After the 2026 municipal elections, PRO became the largest party in Rotterdam, closely followed by Leefbaar Rotterdam, both winning 11 seats in the Rotterdam Municipal Council. A coalition of PRO (progressivism), D66 (social liberal), VVD (conservative liberal), CDA (christian democratic) and Volt (European federalism) was formed in the aftermath.
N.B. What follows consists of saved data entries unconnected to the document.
text \<open>Both q^i_n and u_1 would be labelled 3, but no neighbour of q^i_n is.\<close>

lemma labels_not_Wv_Qstar: "\<psi> Wv = 0 \<Longrightarrow> \<psi> Qstar = 4 \<Longrightarrow> False"
proof -
  assume W: "\<psi> Wv = 0" and Qstar: "\<psi> Qstar = 4"
  obtain q where q: "q \<in> S n" using S_nonempty n_in_range by blast
  have Sp_n: "\<psi> (Sp n) \<le> 1" and Sv_n: "\<psi> (Sv n) \<le> 2"
    using label_edge[OF edge_Wv_Sp[OF n_in_range]] label_edge[OF edge_Sv_Sp[OF n_in_range n_in_range]] W
    by linarith+
  have "\<psi> (Qij q n) = 3"
    using label_edge[OF edge_Qstar_Qij[OF n_in_range q]] label_edge[OF edge_Qij_Sv[OF n_in_range q]] Sv_n Qstar
    by linarith
  moreover have "\<psi> U1 = 3"
    using label_edge[OF edge_Qstar_U1] label_edge[OF edge_U1_Sv[OF n_in_range]] Sv_n Qstar by linarith
  ultimately obtain z where z: "{Qij q n, z} \<in> E" "z \<in> V" "\<psi> z = 3"
    using connected_in_neighbour[OF level_connected[of 3], of "Qij q n" U1] q n_in_range by auto
  moreover have "\<psi> (Qv q) \<le> 2"
    using label_edge[OF edge_Qv_Sp[OF n_in_range q]] Sp_n by linarith
  ultimately show False using neighbours_Qij[OF z(1)] Qstar Sv_n by auto
qed

text \<open>Both u_1 and u_2 would be labelled 3, but no neighbour of u_1 is.\<close>

lemma labels_not_Qv_Vv: "q \<in> Q \<Longrightarrow> \<psi> (Qv q) = 0 \<Longrightarrow> \<psi> Vv = 4 \<Longrightarrow> False"
proof -
  assume "q \<in> Q" and Qv: "\<psi> (Qv q) = 0" and V: "\<psi> Vv = 4"
  then have q: "q \<in> S n" using S_n by simp
  have Sp_n: "\<psi> (Sp n) \<le> 1"
    using label_edge[OF edge_Qv_Sp[OF n_in_range q]] Qv by linarith
  have Sv: "\<psi> (Sv j) \<le> 2" if "j \<in> {1..n}" for j
    using label_edge[OF edge_Sv_Sp[OF that n_in_range]] Sp_n by linarith
  have "\<psi> U1 = 3" "\<psi> U2 = 3"
    using label_edge[OF edge_U1_Vv] label_edge[OF edge_U1_Sv[OF n_in_range]]
      label_edge[OF edge_U2_Vv] label_edge[OF edge_U2_Sv[OF n_in_range]] Sv[OF n_in_range] V
    by linarith+
  then obtain z where z: "{U1, z} \<in> E" "z \<in> V" "\<psi> z = 3"
    using connected_in_neighbour[OF level_connected[of 3], of U1 U2] by auto
  moreover have "\<psi> Qstar \<le> 2"
    using label_edge[OF edge_Qstar_Qij[OF n_in_range q]] label_edge[OF edge_Qij_Qv[OF n_in_range q]] Qv
    by linarith
  ultimately show False using neighbours_U1[OF z(1)] V Sv by fastforce
qed

context
  assumes W: "\<psi> Wv = 0" and V: "\<psi> Vv = 4"
begin

lemma forced_labels:
  shows Sp_label: "j \<in> {1..n} \<Longrightarrow> \<psi> (Sp j) = 1"
    and Sv_label: "j \<in> {1..n} \<Longrightarrow> \<psi> (Sv j) = 2"
    and U_label: "\<psi> U1 = 3" "\<psi> U2 = 3"
    and Qstar_label: "\<psi> Qstar = 3"
proof -
  have Sp_n: "\<psi> (Sp n) \<le> 1" using label_edge[OF edge_Wv_Sp[OF n_in_range]] W by linarith
  show U: "\<psi> U1 = 3" "\<psi> U2 = 3"
    using label_edge[OF edge_U1_Vv] label_edge[OF edge_U1_Sv[OF n_in_range]]
      label_edge[OF edge_U2_Vv] label_edge[OF edge_U2_Sv[OF n_in_range]]
      label_edge[OF edge_Sv_Sp[OF n_in_range n_in_range]] Sp_n V
    by linarith+
  show Sv: "\<psi> (Sv j) = 2" if "j \<in> {1..n}" for j
    using label_edge[OF edge_Sv_Sp[OF that n_in_range]] label_edge[OF edge_U1_Sv[OF that]] Sp_n U
    by linarith
  show "\<psi> (Sp j) = 1" if "j \<in> {1..n}" for j
    using label_edge[OF edge_Sv_Sp[OF n_in_range that]] label_edge[OF edge_Wv_Sp[OF that]]
      Sv[OF n_in_range] W
    by linarith
  obtain z where z: "{U1, z} \<in> E" "z \<in> V" "\<psi> z = 3"
    using connected_in_neighbour[OF level_connected[of 3], of U1 U2] U by auto
  then show "\<psi> Qstar = 3" using neighbours_U1[OF z(1)] V Sv by fastforce
qed

lemma hyperedge_has_label_1:
  assumes j: "j \<in> {1..n}"
  shows "\<exists>q\<in>S j. \<psi> (Qv q) = 1"
proof -
  obtain k where k: "k \<in> {1..n}" "k \<noteq> j" using other_index[OF j] by blast
  obtain z where z: "{Sp j, z} \<in> E" "z \<in> V" "\<psi> z = 1"
    using connected_in_neighbour[OF level_connected[of 1], of "Sp j" "Sp k"] Sp_label j k by auto
  then show ?thesis using neighbours_Sp[OF z(1)] W Sv_label by fastforce
qed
From 9 July 2026, the college of mayor and aldermen will be as follows:

| Name | Party |  | Portfolio |
|---|---|---|---|
| Carola Schouten |  | CU | Mayor Chairwoman of the College, President of the Council, Public Order and Security, International Relations, Governance, City Marketing and Communication |
| Jeroen Postma |  | PRO | Alderman Youth care, education and sport |
| Sabine Biesheuvel |  | PRO | Alderwoman Climate and outdoor space |
| Miriam Harika |  | PRO | Alderwoman Work & income and poverty reduction |
| Astrid Kockelkoren |  | PRO | Alderwoman Housing, National Program Rotterdam South (NPRZ) and homelessness |
| Eva Heijblom |  | D66 | Alderwoman Culture and mobility |
| Chantal Zeegers |  | D66 | Alderwoman Building and living together |
| Diederik van Dommelen |  | VVD | Alderman Finance, real estate, major projects and enforcement |
| Tim Accelerates |  | VVD | Alderman Port, economy and small nuclei |
| René Segers-Hoogendoorn |  | CDA | Alderman Care, well-being and social basis |
| Luuc Dekkers |  | Volt | Alderman Digitalization, services, governance and European Affairs |

==Mayors==

The mayor (of Rotterdam) is part of the city executive and chairs the city council. Current mayor is Carola Schouten (CU).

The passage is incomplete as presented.